% This is a paper submitted to the proceedings of
% Openweekend 2004, a Free technology conference
% held in Prague, October 16-17, 2004.
%
\documentclass{llncs}
\usepackage{makeidx}

\begin{document}

%\frontmatter          % for the preliminaries
%\pagestyle{headings}  % switches on printing of running heads
%\tableofcontents
%
%\mainmatter              % start of the contributions

\title{Ogg Theora a Free Video Codec and Multimedia Platform}
%
\titlerunning{Ogg Theora and Free Multimedia}

\author{Ralph Giles}
%%%% modified list of authors for the TOC (add the affiliations)
\tocauthor{Ralph Giles (Xiph.org Foundation)}

\institute{Xiph.org Foundation, Vancouver Canada\\
\email{giles@xiph.org}\\
\texttt{http://theora.org/} and \texttt{http://xiph.org/}
}
 
\maketitle              % typeset the title of the contribution

\begin{abstract}

Ogg Theora is a compression format for digital distribution of film and 
video. It is technically competitive with other available formats, 
builds on existing open source software, and provides a truly free 
alternative to the established non-free and proprietary codecs. This is 
a technical overview of the format and how the compression works. 
Interleaving Theora with audio and other codec data is covered. Issues 
around seeking and playback synchronization of multiple data streams are 
also discussed. The author hopes this will provide insight on some of 
the practical issues associated with video software in general as well a 
useful introduction to the Ogg Theora format.
\end{abstract}

{\bf Keywords:} {compression, video, digital distribution, multimedia.}

%
% -- main body --
%

\section{Video Compression}

\subsection{Introduction}

Ogg Theora is a format for distribution of digital video. It offers 
compression, good bit rate scalability, support for both seeking and 
streaming playback, and detection of packet loss. Not only is an open 
source reference implementation available, but Theora is the only modern 
video codec that is freely-implementable without licence or royalty fees 
on implementations, encoded content, or the specification itself. As 
such it is the best option for multimedia content in the context of Free 
Software, and the best option for commercial distribution of multimedia 
content. It levels the playing field by providing commodity technology, 
allowing anyone to distribute film and video in digital form, and by 
creating a broader market for art.

This paper will serve as a technical overview of the Ogg Theora format. 
Before we discuss the format in general, however, it is helpful to 
first understand how digital video works, and how it can be compressed.

\subsection{Video}

Ever since the invention of the motion pictures at the end of the 19th 
century, the moving image has held a fascination for us, creating in 
film and television an entirely new art form. The development of analog 
television in the mid-20th century allowed the electronic transmission 
of moving images for the first time. Now, at the beginning of the 21st 
century, digital technology allows us to capture, edit, process and 
distribute moving images more easily than ever before. But how exactly 
do we go about representing such a thing in a computer?

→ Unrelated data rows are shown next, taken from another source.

lemma enc_cube_select: "enc (cube_select (lo_block e) (hi_block e) n s) = m [val s, qval s, e]"
proof -
  let ?X = "cube_select (lo_block e) (hi_block e) n s"
  have eq1: "map (\<lambda>v. ?X ! (dir v * B + v)) [0..<K] = map (\<lambda>v. if s (dir v) then hi v else lo v) [0..<K]"
    by (intro map_cong) (auto simp: nth_cube_select_blocks)
  have eq2: "map (\<lambda>v. ?X ! (dir v * B + (if bit j (dir v) then v else K + v))) [0..<K]
      = map (\<lambda>v. if bit j (dir v) \<and> s (dir v) then hi v else lo v) [0..<K]" for j :: nat
    by (intro map_cong) (auto simp: nth_cube_select_blocks)
  show ?thesis
    unfolding enc_def val_def qval_def nth_cube_select_blocks(3) eq1 eq2 ..
qed

lemma enc_term: "enc \<in> term_ops F (\<Sum>i<n. length (lo_block e i))"
proof -
  have idx: "dir v * B + v < n * B" "dir v * B + (K + v) < n * B" if "v < K" for v
  proof -
    have "v < B" "K + v < B" using that by (simp_all add: B_def)
    then show "dir v * B + v < n * B" "dir v * B + (K + v) < n * B"
      using mult_add_less_mult[OF dir_less[OF that]] by blast+
  qed
  have sel: "(\<lambda>xs. t (map (\<lambda>v. xs ! (dir v * B + (if b v then v else K + v))) [0..<K])) \<in> term_ops F (n * B)"
    for b :: "nat \<Rightarrow> bool"
    by (rule term_ops_reindex[OF t_term]) (simp add: idx)
  have "(\<lambda>xs. q (map (\<lambda>g. g xs)
      (map (\<lambda>j xs. t (map (\<lambda>v. xs ! (dir v * B + (if bit j (dir v) then v else K + v))) [0..<K])) [0..<N - 1])))
      \<in> term_ops F (n * B)"
    by (rule term_ops_compose[OF q_term]) (auto intro: sel)
  moreover have "2 * K < n * B" using mult_add_less_mult[of 0 n "2 * K" B] n_pos by (simp add: B_def)
  ultimately have "(\<lambda>xs. m (map (\<lambda>g. g xs) [\<lambda>xs. t (map (\<lambda>v. xs ! (dir v * B + v)) [0..<K]),
      \<lambda>xs. q (map (\<lambda>j. t (map (\<lambda>v. xs ! (dir v * B + (if bit j (dir v) then v else K + v))) [0..<K])) [0..<N - 1]),
      \<lambda>xs. xs ! (2 * K)])) \<in> term_ops F (n * B)"
    using sel[of "\<lambda>_. True"] by (intro term_ops_compose[OF m_term]) (auto simp: o_def intro: term_ops.proj)
  then show ?thesis unfolding enc_def by simp
qed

All devices for recording moving images have relied on a trick of 
perception. Rather than capture motion itself, the motion is sampled 
by taking a succession of still images. When those images are played 
back in sufficiently rapid succession, the brain interpolates between 
the changes, recreating the perception of motion. Thus even in analog 
motion picture technology, the temporal data is already sampled 
digitally.

So we need only represent a sequence of still images within the 
computer. Fortunately, we've been handling still images digitally for 
some time. Typically digital representation involves sampling the colour 
of the image discretely, generating a two dimensional array. Each 
element of the array can be a single intensity in the case of 
black-and-white images, or a vector of three or more values for colour 
images, each value representing the intensity of the sample within a 
range of wavelengths, like red, green, and blue. Such an array 
representation is called a raster image.

Thus, we can represent a motion picture within the computer as a 
temporal array of raster images, and play it back by displaying them 
one after another at the appropriate rate.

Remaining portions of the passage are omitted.